Required action >>
Which lines mention "finite"? Show each one from the listing.

Source information >>

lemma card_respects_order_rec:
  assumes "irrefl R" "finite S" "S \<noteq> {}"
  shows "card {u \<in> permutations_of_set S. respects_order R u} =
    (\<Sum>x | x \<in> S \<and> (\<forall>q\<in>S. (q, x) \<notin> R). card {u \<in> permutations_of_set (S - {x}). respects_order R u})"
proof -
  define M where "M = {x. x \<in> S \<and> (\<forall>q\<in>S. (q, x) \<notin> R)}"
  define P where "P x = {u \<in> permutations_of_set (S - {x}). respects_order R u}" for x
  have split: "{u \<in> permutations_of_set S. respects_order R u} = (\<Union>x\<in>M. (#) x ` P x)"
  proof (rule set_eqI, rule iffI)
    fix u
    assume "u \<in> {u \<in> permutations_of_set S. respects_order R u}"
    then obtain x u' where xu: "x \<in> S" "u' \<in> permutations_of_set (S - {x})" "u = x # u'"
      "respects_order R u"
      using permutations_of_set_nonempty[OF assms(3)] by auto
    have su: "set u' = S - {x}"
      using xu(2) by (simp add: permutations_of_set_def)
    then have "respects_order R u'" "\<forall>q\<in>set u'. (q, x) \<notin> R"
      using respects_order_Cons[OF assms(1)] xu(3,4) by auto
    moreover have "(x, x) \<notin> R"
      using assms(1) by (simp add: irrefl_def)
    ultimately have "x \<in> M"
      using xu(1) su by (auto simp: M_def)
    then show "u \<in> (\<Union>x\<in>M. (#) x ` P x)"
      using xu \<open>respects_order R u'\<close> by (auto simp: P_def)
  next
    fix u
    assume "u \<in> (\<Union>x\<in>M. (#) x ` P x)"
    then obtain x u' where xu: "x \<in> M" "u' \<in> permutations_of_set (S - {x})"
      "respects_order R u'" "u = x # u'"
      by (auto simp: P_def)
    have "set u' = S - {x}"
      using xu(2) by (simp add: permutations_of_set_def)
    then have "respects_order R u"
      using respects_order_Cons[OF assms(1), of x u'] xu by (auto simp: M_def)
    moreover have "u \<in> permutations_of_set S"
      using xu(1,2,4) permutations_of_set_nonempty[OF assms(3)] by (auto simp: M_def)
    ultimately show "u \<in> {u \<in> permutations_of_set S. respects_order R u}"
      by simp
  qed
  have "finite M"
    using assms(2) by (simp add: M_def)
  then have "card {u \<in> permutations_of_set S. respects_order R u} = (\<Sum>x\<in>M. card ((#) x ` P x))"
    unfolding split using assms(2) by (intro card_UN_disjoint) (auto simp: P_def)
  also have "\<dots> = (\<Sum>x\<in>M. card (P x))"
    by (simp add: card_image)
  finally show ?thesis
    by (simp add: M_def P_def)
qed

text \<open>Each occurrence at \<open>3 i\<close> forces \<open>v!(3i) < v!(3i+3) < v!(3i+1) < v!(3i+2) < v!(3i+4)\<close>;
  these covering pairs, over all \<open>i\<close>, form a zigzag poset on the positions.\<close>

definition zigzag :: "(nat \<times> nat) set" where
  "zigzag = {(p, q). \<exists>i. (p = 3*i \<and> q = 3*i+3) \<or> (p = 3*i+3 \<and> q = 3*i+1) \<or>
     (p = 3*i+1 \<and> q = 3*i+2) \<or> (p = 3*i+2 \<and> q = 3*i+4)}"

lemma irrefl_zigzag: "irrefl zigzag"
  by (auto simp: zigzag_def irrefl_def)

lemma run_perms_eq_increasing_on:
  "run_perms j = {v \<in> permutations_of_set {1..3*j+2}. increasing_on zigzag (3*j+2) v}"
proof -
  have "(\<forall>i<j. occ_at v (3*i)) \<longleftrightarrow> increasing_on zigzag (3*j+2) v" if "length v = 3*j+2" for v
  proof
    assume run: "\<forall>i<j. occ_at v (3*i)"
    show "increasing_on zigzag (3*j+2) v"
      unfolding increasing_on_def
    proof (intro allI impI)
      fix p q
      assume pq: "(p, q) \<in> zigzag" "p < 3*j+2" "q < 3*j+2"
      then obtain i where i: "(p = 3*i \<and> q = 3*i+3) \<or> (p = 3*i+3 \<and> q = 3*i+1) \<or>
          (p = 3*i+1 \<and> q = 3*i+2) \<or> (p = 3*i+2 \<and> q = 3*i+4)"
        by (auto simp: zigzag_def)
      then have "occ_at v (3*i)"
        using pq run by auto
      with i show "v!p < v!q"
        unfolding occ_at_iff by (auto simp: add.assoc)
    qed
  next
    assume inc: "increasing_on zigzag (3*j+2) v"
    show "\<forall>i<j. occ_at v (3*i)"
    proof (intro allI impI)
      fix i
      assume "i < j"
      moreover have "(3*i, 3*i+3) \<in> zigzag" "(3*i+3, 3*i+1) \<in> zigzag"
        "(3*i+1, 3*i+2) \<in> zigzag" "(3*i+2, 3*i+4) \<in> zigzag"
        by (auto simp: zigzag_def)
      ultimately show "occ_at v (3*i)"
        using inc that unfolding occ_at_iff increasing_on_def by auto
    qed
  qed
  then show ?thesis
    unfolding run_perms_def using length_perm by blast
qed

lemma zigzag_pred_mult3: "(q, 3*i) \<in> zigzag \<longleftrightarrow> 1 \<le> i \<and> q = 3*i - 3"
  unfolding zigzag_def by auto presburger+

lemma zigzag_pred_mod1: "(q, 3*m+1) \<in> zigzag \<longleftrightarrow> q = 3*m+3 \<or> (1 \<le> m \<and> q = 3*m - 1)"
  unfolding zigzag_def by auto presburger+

Expected answer >>
  assumes "irrefl R" "finite S" "S \<noteq> {}"
  have "finite M"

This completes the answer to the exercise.